Class 4c

name: title
layout: true
class: center, middle, inverse
---
# CHILDES notes #

---
layout: false

CHILDES comes from [http://childes.psy.cmu.edu](http://childes.psy.cmu.edu).

We need to get XML data to work with, let's get Brown.

Needs to go into "nltk_data/corpora/childes/data-xml/Eng-USA-MOR/Brown"

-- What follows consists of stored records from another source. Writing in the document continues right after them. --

(* Assume $-\infty<l<r<\infty$, $\inf\operatorname{supp}\mu>-\infty$ and $\sup\operatorname{supp}\mu<\infty$. If $\limsup_{x\searrow l}\frac{|\eta(x)|}{x-l}<\infty$, then: $q(l+)=\infty$ implies $\liminf_{y\searrow l}G_y(\bar a(y))>0$. If $\limsup_{x\nearrow r}\frac{|\eta(x)|}{r-x}<\infty$, then: $q(r-)=\infty$ implies $\liminf_{y\nearrow r}G_y(\bar a(y))>0$.
   Context: Let $I=(l,r)$, $\eta\colon\mathbb R\to\mathbb R$ Borel with $\eta\ne0$ on $I$, $1/\eta^2\in L^1_{\mathrm{loc}}(I)$, $\eta=0$ off $I$, $m\in I$. $q(y,x)=\int_y^x\int_y^u\frac{2}{\eta^2(z)}dz\,du\in[0,\infty]$; $q(l+)=\lim_{x\searrow l}q(m,x)$, $q(r-)=\lim_{x\nearrow r}q(m,x)$. $\mu\ne\delta_0$ is a centered probability measure, $G_y(a)=\int q(y,y+ax)\mu(dx)$, and $\bar a(y)=\frac{l-y}{\inf\operatorname{supp}\mu}\wedge\frac{r-y}{\sup\operatorname{supp}\mu}$ for $y\in I$. *)

theory Defs
  imports "HOL-Probability.Probability"
begin

text \<open>The integrand 2/eta(z)^2, with the convention 2/0 = infinity (eta vanishes off I).\<close>
definition inv_eta2 :: "(real \<Rightarrow> real) \<Rightarrow> real \<Rightarrow> ennreal" where
  "inv_eta2 \<eta> z = (if \<eta> z = 0 then \<infinity> else ennreal (2 / (\<eta> z)\<^sup>2))"

text \<open>q(y,x) = int_y^x int_y^u 2/eta^2(z) dz du, oriented integrals; for x < y both
  orientations flip, giving int_x^y int_u^y.\<close>
definition qfun :: "(real \<Rightarrow> real) \<Rightarrow> real \<Rightarrow> real \<Rightarrow> ennreal" where
  "qfun \<eta> y x =
     (if y \<le> x then (\<integral>\<^sup>+ u \<in> {y..x}. (\<integral>\<^sup>+ z \<in> {y..u}. inv_eta2 \<eta> z \<partial>lborel) \<partial>lborel)
      else (\<integral>\<^sup>+ u \<in> {x..y}. (\<integral>\<^sup>+ z \<in> {u..y}. inv_eta2 \<eta> z \<partial>lborel) \<partial>lborel))"

definition msupp :: "real measure \<Rightarrow> real set" where
  "msupp \<mu> = {x. \<forall>e>0. emeasure \<mu> (ball x e) > 0}"

definition Gfun :: "(real \<Rightarrow> real) \<Rightarrow> real measure \<Rightarrow> real \<Rightarrow> real \<Rightarrow> ennreal" where
  "Gfun \<eta> \<mu> y a = (\<integral>\<^sup>+ x. qfun \<eta> y (y + a * x) \<partial>\<mu>)"

definition abar :: "real \<Rightarrow> real \<Rightarrow> real measure \<Rightarrow> real \<Rightarrow> real" where
  "abar l r \<mu> y = min ((l - y) / Inf (msupp \<mu>)) ((r - y) / Sup (msupp \<mu>))"

end

theory Submission
  imports Defs
begin

text \<open>Write \<open>\<alpha> = inf supp \<mu> < 0 < \<beta> = sup supp \<mu>\<close>. For y near l the minimum defining
  \<open>a\<^sub>y = abar(y)\<close> is attained at \<open>(y - l) / |\<alpha>|\<close>, so every point \<open>y + a\<^sub>y x\<close> with x in the support
  lies in an interval of length \<open>a\<^sub>y (\<beta> - \<alpha>)\<close> that contains l. On that interval the linear bound
  \<open>|\<eta> z| \<le> C |z - l|\<close> gives \<open>2/\<eta>\<^sup>2 \<ge> 2 / (C a\<^sub>y (\<beta> - \<alpha>))\<^sup>2\<close>, hence
  \<open>q(y, y + a\<^sub>y x) \<ge> x\<^sup>2 / (2 C\<^sup>2 (\<beta> - \<alpha>)\<^sup>2)\<close>, and integrating against \<mu> bounds \<open>G\<^sub>y(a\<^sub>y)\<close> below by a
  positive multiple of the variance of \<mu>, uniformly in y.\<close>

lemma nn_integral_Icc_ge_const:
  fixes g :: "real \<Rightarrow> ennreal"
  assumes "k \<ge> 0" "a \<le> a'" "a' \<le> b'" "b' \<le> b"
    and "\<And>u. a' \<le> u \<Longrightarrow> u \<le> b' \<Longrightarrow> ennreal k \<le> g u"
  shows "ennreal (k * (b' - a')) \<le> (\<integral>\<^sup>+ u \<in> {a..b}. g u \<partial>lborel)"
proof -
  have "ennreal (k * (b' - a')) = (\<integral>\<^sup>+ u. ennreal k * indicator {a'..b'} u \<partial>lborel)"
    using assms(1,3) by (simp add: nn_integral_cmult_indicator ennreal_mult)
  also have "\<dots> \<le> (\<integral>\<^sup>+ u \<in> {a..b}. g u \<partial>lborel)"
    using assms(2-5) by (intro nn_integral_mono) (auto simp: indicator_def)
  finally show ?thesis .
qed

lemma qfun_ge_const:
  assumes c: "c \<ge> 0"
    and bound: "\<And>z. min y (y + t) \<le> z \<Longrightarrow> z \<le> max y (y + t) \<Longrightarrow> ennreal c \<le> inv_eta2 \<eta> z"
  shows "ennreal (c * t\<^sup>2 / 4) \<le> qfun \<eta> y (y + t)"
proof (cases "t \<ge> 0")
  case True
  have "ennreal (c * t / 2 * (y + t - (y + t / 2)))
        \<le> (\<integral>\<^sup>+ u \<in> {y..y + t}. (\<integral>\<^sup>+ z \<in> {y..u}. inv_eta2 \<eta> z \<partial>lborel) \<partial>lborel)"
  proof (rule nn_integral_Icc_ge_const)
    fix u assume u: "y + t / 2 \<le> u" "u \<le> y + t"
    have "ennreal (c * t / 2) \<le> ennreal (c * (u - y))"
      using mult_left_mono[of "t / 2" "u - y" c] u c by (intro ennreal_leI) simp
    also have "ennreal (c * (u - y)) \<le> (\<integral>\<^sup>+ z \<in> {y..u}. inv_eta2 \<eta> z \<partial>lborel)"
      using u True by (intro nn_integral_Icc_ge_const c bound) auto
    finally show "ennreal (c * t / 2) \<le> (\<integral>\<^sup>+ z \<in> {y..u}. inv_eta2 \<eta> z \<partial>lborel)" .
  qed (use True c in auto)
  then show ?thesis
    using True by (simp add: qfun_def power2_eq_square field_simps)
next
  case False
  have "ennreal (c * (- t) / 2 * (y + t / 2 - (y + t)))
        \<le> (\<integral>\<^sup>+ u \<in> {y + t..y}. (\<integral>\<^sup>+ z \<in> {u..y}. inv_eta2 \<eta> z \<partial>lborel) \<partial>lborel)"
  proof (rule nn_integral_Icc_ge_const)
    fix u assume u: "y + t \<le> u" "u \<le> y + t / 2"
    have "ennreal (c * (- t) / 2) \<le> ennreal (c * (y - u))"
      using mult_left_mono[of "- t / 2" "y - u" c] u c by (intro ennreal_leI) simp
    also have "ennreal (c * (y - u)) \<le> (\<integral>\<^sup>+ z \<in> {u..y}. inv_eta2 \<eta> z \<partial>lborel)"
      using u False by (intro nn_integral_Icc_ge_const c bound) auto
    finally show "ennreal (c * (- t) / 2) \<le> (\<integral>\<^sup>+ z \<in> {u..y}. inv_eta2 \<eta> z \<partial>lborel)" .
  qed (use False c in \<open>auto simp: mult_nonneg_nonpos\<close>)
  then show ?thesis
    using False by (simp add: qfun_def power2_eq_square field_simps)
qed

lemma inv_eta2_ge:
  assumes "B > 0" "\<bar>\<eta> z\<bar> \<le> B"
  shows "ennreal (2 / B\<^sup>2) \<le> inv_eta2 \<eta> z"
proof (cases "\<eta> z = 0")
  case False
  then have "(\<eta> z)\<^sup>2 \<le> B\<^sup>2"
    using assms by (metis abs_le_square_iff abs_of_pos)
  then have "2 / B\<^sup>2 \<le> 2 / (\<eta> z)\<^sup>2"
    using False assms(1) by (intro divide_left_mono) auto
  then show ?thesis
    using False by (simp add: inv_eta2_def ennreal_leI)
qed (simp add: inv_eta2_def)

lemma Gfun_ge_second_moment:
  assumes ae: "AE x in \<mu>. \<alpha> \<le> x \<and> x \<le> \<beta>" and "\<alpha> \<le> 0" "0 \<le> \<beta>" "a \<ge> 0" "B > 0"
    and eta: "\<And>z. y + a * \<alpha> \<le> z \<Longrightarrow> z \<le> y + a * \<beta> \<Longrightarrow> \<bar>\<eta> z\<bar> \<le> B"
  shows "(\<integral>\<^sup>+ x. ennreal ((a * x)\<^sup>2 / (2 * B\<^sup>2)) \<partial>\<mu>) \<le> Gfun \<eta> \<mu> y a"
  unfolding Gfun_def
proof (rule nn_integral_mono_AE, rule AE_mp[OF ae], intro AE_I2 impI)
  fix x assume x: "\<alpha> \<le> x \<and> x \<le> \<beta>"
  have "a * \<alpha> \<le> a * x" "a * x \<le> a * \<beta>" "a * \<alpha> \<le> 0" "0 \<le> a * \<beta>"
    using x assms(2-4) by (auto intro: mult_left_mono mult_nonneg_nonpos)
  then have "ennreal (2 / B\<^sup>2 * (a * x)\<^sup>2 / 4) \<le> qfun \<eta> y (y + a * x)"
    by (intro qfun_ge_const inv_eta2_ge \<open>B > 0\<close> eta) auto
  then show "ennreal ((a * x)\<^sup>2 / (2 * B\<^sup>2)) \<le> qfun \<eta> y (y + a * x)"
    by (simp add: field_simps)
qed

lemma not_AE_eq_zero:
  fixes \<mu> :: "real measure"
  assumes prob: "prob_space \<mu>" and sets: "sets \<mu> = sets borel" and "\<mu> \<noteq> return borel 0"
  shows "\<not> (AE x in \<mu>. x = 0)"
proof
  assume ae: "AE x in \<mu>. x = 0"
  have space: "space \<mu> = UNIV"
    using sets_eq_imp_space_eq[OF sets] by simp
  have "\<mu> = return borel 0"
  proof (rule measure_eqI)
    show "sets \<mu> = sets (return borel 0)"
      using sets by simp
    fix A assume A: "A \<in> sets \<mu>"
    show "emeasure \<mu> A = emeasure (return borel 0) A"
    proof (cases "(0::real) \<in> A")
      case True
      then have "emeasure \<mu> A = emeasure \<mu> (space \<mu>)"
        using ae A sets.top[of \<mu>] by (intro emeasure_eq_AE) (auto simp: space)
      then show ?thesis
        using True A sets prob_space.emeasure_space_1[OF prob] by simp
    next
      case False
      then have "emeasure \<mu> A = emeasure \<mu> {}"
        using ae A by (intro emeasure_eq_AE) auto
      then show ?thesis
        using False A sets by simp
    qed
  qed
  with assms(3) show False ..
qed

lemma nn_integral_square_pos:
  fixes \<mu> :: "real measure"
  assumes sets: "sets \<mu> = sets borel" and nonzero: "\<not> (AE x in \<mu>. x = 0)" and "K > 0"
  shows "0 < (\<integral>\<^sup>+ x. ennreal (x\<^sup>2 / K) \<partial>\<mu>)"
proof -
  have "(\<lambda>x. ennreal (x\<^sup>2 / K)) \<in> borel_measurable \<mu>"
    using sets by (simp add: measurable_cong_sets[OF sets refl])
  moreover have "\<not> (AE x in \<mu>. ennreal (x\<^sup>2 / K) = 0)"
    using nonzero \<open>K > 0\<close> by (auto elim!: AE_mp simp: ennreal_eq_0_iff divide_le_0_iff)
  ultimately show ?thesis
    by (simp add: nn_integral_0_iff_AE zero_less_iff_neq_zero)
qed

lemma AE_in_msupp:
  fixes \<mu> :: "real measure"
  assumes sets: "sets \<mu> = sets borel"
  shows "AE x in \<mu>. x \<in> msupp \<mu>"
proof -
  define \<F> where "\<F> = {ball x e | x e. emeasure \<mu> (ball x e) = 0}"
  have open_\<F>: "\<And>S. S \<in> \<F> \<Longrightarrow> open S"
    by (auto simp: \<F>_def)
  obtain \<F>' where \<F>': "\<F>' \<subseteq> \<F>" "countable \<F>'" "\<Union>\<F>' = \<Union>\<F>"
    using Lindelof[OF open_\<F>] by blast
  have "(\<Union>S\<in>\<F>'. S) \<in> null_sets \<mu>"
    using \<F>'(1) by (intro null_sets_UN' \<F>'(2)) (auto simp: \<F>_def sets null_setsI)
  moreover have "{x \<in> space \<mu>. x \<notin> msupp \<mu>} \<subseteq> (\<Union>S\<in>\<F>'. S)"
  proof clarify
    fix x assume "x \<notin> msupp \<mu>"
    then obtain e where "e > 0" "emeasure \<mu> (ball x e) = 0"
      by (auto simp: msupp_def not_less)
    then have "x \<in> \<Union>\<F>"
      unfolding \<F>_def by (intro UnionI[of "ball x e"]) auto
    then show "x \<in> (\<Union>S\<in>\<F>'. S)"
      using \<F>'(3) by simp
  qed
  ultimately show ?thesis
    by (rule AE_I')
qed

lemma centered_bounds_sign:
  fixes \<mu> :: "real measure"
  assumes "integrable \<mu> (\<lambda>x. x)" "(\<integral>x. x \<partial>\<mu>) = 0" "\<not> (AE x in \<mu>. x = 0)"
    and ae: "AE x in \<mu>. \<alpha> \<le> x \<and> x \<le> \<beta>"
  shows "\<alpha> < 0" "0 < \<beta>"
proof -
  show "\<alpha> < 0"
  proof (rule ccontr)
    assume "\<not> \<alpha> < 0"
    then have "AE x in \<mu>. 0 \<le> x"
      using ae by (auto elim!: AE_mp)
    with assms(1-3) show False
      by (simp add: integral_nonneg_eq_0_iff_AE)
  qed
  show "0 < \<beta>"
  proof (rule ccontr)
    assume "\<not> 0 < \<beta>"
    then have "AE x in \<mu>. 0 \<le> - x"
      using ae by (auto elim!: AE_mp)
    with assms(1-3) show False
      using integral_nonneg_eq_0_iff_AE[of \<mu> "\<lambda>x. - x"] by simp
  qed
qed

When we have the data, we can set up the `CHILDESCorpusReader` included in NLTK.

```python
from nltk.corpus.reader import CHILDESCorpusReader
corpus_root = nltk.data.find('corpora/childes/data-xml/Eng-USA-MOR/')
brown = CHILDESCorpusReader(corpus_root, 'Brown/.*.xml')
```

Side note: In a lot of contexts when looking for "all files that end in `.xml`" you would wind up needing to use `*.xml`.  In those cases, `*` is a "wildcard" that means "anything can be here."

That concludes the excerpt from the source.